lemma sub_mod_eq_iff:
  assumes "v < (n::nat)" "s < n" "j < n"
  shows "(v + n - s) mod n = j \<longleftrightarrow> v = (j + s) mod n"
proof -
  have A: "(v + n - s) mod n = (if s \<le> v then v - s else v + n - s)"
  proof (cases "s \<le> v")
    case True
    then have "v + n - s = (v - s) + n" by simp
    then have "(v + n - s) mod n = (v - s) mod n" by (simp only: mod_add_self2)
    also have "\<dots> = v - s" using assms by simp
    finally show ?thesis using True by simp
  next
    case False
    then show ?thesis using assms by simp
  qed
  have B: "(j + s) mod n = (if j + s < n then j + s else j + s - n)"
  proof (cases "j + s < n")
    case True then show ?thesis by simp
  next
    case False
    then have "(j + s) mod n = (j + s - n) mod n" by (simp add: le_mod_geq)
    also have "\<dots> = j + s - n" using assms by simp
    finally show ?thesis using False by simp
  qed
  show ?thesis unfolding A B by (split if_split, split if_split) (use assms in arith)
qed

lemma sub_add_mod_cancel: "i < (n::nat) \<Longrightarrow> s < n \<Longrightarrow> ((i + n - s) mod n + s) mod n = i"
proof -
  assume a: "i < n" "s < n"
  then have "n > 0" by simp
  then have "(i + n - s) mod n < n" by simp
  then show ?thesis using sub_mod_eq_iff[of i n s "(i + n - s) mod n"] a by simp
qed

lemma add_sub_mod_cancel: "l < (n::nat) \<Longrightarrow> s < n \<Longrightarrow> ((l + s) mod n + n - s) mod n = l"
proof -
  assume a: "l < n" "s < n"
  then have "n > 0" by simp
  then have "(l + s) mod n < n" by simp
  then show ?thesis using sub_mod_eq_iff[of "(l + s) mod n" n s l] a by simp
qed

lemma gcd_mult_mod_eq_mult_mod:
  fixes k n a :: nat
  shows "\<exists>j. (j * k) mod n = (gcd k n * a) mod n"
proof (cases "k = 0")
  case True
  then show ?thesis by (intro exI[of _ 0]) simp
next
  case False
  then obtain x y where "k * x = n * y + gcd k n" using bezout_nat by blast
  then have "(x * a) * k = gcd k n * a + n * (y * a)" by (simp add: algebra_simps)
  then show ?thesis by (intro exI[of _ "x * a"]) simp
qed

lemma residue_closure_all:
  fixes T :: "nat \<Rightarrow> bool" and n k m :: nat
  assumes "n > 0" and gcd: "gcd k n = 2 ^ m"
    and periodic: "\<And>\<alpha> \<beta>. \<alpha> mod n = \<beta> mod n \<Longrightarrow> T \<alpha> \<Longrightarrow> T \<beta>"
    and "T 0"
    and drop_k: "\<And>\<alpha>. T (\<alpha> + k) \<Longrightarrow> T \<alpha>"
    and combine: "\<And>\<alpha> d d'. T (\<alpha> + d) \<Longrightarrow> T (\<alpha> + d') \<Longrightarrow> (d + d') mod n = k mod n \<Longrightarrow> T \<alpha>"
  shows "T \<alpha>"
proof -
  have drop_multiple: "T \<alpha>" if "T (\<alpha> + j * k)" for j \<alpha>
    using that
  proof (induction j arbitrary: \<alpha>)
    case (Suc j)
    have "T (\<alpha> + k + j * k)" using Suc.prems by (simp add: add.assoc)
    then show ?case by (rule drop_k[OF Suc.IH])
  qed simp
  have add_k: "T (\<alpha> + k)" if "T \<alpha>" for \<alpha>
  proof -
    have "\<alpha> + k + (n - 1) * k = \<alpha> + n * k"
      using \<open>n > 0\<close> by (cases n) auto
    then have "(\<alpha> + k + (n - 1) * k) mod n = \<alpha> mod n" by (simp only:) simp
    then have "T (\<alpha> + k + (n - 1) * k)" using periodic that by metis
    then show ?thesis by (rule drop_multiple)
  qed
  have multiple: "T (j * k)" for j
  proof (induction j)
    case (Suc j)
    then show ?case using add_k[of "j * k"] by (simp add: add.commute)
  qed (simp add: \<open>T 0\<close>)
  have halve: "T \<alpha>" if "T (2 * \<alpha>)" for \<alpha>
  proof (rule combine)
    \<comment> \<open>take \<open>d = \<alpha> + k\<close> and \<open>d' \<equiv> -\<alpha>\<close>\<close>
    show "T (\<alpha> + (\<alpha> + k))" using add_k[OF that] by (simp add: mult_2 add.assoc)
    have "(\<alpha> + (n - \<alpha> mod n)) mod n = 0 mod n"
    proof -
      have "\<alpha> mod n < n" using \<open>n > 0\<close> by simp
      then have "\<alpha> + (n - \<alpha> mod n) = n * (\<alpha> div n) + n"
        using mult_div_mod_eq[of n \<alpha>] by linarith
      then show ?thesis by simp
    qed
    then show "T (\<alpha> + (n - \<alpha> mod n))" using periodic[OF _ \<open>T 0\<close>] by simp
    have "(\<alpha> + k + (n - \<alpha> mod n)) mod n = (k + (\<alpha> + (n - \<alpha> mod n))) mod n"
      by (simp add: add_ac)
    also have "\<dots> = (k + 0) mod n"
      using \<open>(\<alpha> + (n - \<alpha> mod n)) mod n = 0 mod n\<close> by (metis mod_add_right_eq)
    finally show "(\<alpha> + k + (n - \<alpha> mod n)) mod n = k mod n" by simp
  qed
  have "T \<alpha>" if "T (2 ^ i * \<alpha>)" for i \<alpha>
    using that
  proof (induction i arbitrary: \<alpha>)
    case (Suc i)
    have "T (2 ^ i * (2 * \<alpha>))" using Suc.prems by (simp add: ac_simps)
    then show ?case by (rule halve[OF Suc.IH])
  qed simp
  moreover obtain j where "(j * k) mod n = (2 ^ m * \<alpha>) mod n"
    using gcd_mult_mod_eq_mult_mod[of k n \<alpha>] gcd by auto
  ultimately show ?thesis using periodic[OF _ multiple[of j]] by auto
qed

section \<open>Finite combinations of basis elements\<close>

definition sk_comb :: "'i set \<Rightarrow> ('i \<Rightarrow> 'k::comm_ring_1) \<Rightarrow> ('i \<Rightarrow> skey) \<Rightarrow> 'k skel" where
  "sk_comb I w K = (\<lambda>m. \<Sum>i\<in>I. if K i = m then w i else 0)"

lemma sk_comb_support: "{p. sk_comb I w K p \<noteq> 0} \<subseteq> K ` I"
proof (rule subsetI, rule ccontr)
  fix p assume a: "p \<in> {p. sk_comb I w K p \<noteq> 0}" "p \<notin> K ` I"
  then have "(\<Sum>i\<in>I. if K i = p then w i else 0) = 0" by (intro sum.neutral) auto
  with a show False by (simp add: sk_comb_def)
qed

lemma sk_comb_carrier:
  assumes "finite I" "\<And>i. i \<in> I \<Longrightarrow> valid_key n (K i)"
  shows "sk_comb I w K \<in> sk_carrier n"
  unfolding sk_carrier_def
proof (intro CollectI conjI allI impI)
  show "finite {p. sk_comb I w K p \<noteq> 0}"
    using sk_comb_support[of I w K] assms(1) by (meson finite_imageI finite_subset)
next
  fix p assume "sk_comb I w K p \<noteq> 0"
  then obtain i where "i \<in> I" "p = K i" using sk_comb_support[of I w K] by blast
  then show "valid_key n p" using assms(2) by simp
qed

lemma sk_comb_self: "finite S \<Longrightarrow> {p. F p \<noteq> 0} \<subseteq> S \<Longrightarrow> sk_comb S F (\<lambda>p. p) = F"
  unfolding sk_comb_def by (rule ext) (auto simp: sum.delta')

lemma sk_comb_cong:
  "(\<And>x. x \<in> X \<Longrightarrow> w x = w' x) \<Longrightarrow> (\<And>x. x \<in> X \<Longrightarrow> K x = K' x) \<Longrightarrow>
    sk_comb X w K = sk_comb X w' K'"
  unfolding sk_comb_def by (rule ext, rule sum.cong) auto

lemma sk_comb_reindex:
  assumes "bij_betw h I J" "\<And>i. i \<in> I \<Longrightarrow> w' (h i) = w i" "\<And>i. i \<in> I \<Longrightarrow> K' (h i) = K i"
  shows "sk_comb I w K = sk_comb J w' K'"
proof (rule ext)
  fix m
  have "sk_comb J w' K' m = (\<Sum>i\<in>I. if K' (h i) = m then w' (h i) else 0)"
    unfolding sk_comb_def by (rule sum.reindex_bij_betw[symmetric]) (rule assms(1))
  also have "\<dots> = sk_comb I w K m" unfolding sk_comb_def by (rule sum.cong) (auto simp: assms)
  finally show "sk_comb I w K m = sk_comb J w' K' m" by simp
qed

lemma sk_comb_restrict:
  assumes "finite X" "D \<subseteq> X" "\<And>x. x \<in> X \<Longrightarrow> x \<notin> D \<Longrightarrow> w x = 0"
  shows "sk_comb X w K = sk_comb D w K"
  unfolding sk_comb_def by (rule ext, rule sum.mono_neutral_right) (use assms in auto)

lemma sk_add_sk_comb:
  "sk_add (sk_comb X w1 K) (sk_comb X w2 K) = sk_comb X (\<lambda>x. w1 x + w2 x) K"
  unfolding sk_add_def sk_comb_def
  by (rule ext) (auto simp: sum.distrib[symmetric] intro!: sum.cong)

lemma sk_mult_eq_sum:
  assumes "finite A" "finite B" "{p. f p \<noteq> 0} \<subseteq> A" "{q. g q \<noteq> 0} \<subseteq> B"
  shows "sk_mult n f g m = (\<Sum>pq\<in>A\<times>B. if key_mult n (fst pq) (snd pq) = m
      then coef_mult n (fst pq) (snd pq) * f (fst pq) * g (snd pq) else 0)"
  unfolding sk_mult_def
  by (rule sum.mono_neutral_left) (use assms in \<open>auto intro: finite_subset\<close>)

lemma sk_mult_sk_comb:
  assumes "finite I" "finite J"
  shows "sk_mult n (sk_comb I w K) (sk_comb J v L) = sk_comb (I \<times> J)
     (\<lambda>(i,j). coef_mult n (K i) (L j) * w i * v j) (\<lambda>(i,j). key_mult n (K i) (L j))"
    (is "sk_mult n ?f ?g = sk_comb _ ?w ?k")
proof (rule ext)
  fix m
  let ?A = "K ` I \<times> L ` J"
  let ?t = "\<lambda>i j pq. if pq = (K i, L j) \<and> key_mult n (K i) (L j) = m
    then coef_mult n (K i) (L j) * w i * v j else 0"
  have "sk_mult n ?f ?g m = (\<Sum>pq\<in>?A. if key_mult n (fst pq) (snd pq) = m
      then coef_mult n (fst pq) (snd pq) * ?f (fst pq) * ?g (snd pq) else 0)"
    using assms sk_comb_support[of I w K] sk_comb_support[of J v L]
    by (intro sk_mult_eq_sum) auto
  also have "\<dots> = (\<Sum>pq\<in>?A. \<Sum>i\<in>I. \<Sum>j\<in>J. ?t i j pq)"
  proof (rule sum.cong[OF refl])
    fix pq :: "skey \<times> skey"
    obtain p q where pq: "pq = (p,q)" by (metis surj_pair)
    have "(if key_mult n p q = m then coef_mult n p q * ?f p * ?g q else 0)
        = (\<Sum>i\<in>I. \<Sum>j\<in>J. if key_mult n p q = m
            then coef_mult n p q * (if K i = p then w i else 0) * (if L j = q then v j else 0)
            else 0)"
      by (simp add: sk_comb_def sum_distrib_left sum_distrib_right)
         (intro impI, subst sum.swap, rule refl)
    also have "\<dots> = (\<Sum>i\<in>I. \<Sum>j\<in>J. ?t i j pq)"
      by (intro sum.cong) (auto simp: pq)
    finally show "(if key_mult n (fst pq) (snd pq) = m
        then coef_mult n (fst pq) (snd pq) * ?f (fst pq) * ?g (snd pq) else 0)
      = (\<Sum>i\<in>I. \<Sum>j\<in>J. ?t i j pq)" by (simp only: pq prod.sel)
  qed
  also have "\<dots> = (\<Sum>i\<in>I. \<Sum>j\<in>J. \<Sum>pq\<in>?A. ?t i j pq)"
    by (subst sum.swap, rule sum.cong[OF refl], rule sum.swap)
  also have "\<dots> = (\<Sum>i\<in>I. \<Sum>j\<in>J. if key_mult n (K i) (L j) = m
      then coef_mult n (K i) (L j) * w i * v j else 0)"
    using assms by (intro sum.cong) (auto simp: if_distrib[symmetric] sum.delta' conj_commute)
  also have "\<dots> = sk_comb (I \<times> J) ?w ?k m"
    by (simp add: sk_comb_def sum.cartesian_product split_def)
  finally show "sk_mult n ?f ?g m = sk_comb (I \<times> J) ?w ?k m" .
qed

> DIRECTIONS
From the line that has "then show ?case using" through the line that has "(k + (\<alpha>", copy every line exactly as it appears above, and leave out all others.

> REPLY TO THE TASK
    then show ?case using add_k[of "j * k"] by (simp add: add.commute)
  qed (simp add: \<open>T 0\<close>)
  have halve: "T \<alpha>" if "T (2 * \<alpha>)" for \<alpha>
  proof (rule combine)
    \<comment> \<open>take \<open>d = \<alpha> + k\<close> and \<open>d' \<equiv> -\<alpha>\<close>\<close>
    show "T (\<alpha> + (\<alpha> + k))" using add_k[OF that] by (simp add: mult_2 add.assoc)
    have "(\<alpha> + (n - \<alpha> mod n)) mod n = 0 mod n"
    proof -
      have "\<alpha> mod n < n" using \<open>n > 0\<close> by simp
      then have "\<alpha> + (n - \<alpha> mod n) = n * (\<alpha> div n) + n"
        using mult_div_mod_eq[of n \<alpha>] by linarith
      then show ?thesis by simp
    qed
    then show "T (\<alpha> + (n - \<alpha> mod n))" using periodic[OF _ \<open>T 0\<close>] by simp
    have "(\<alpha> + k + (n - \<alpha> mod n)) mod n = (k + (\<alpha> + (n - \<alpha> mod n))) mod n"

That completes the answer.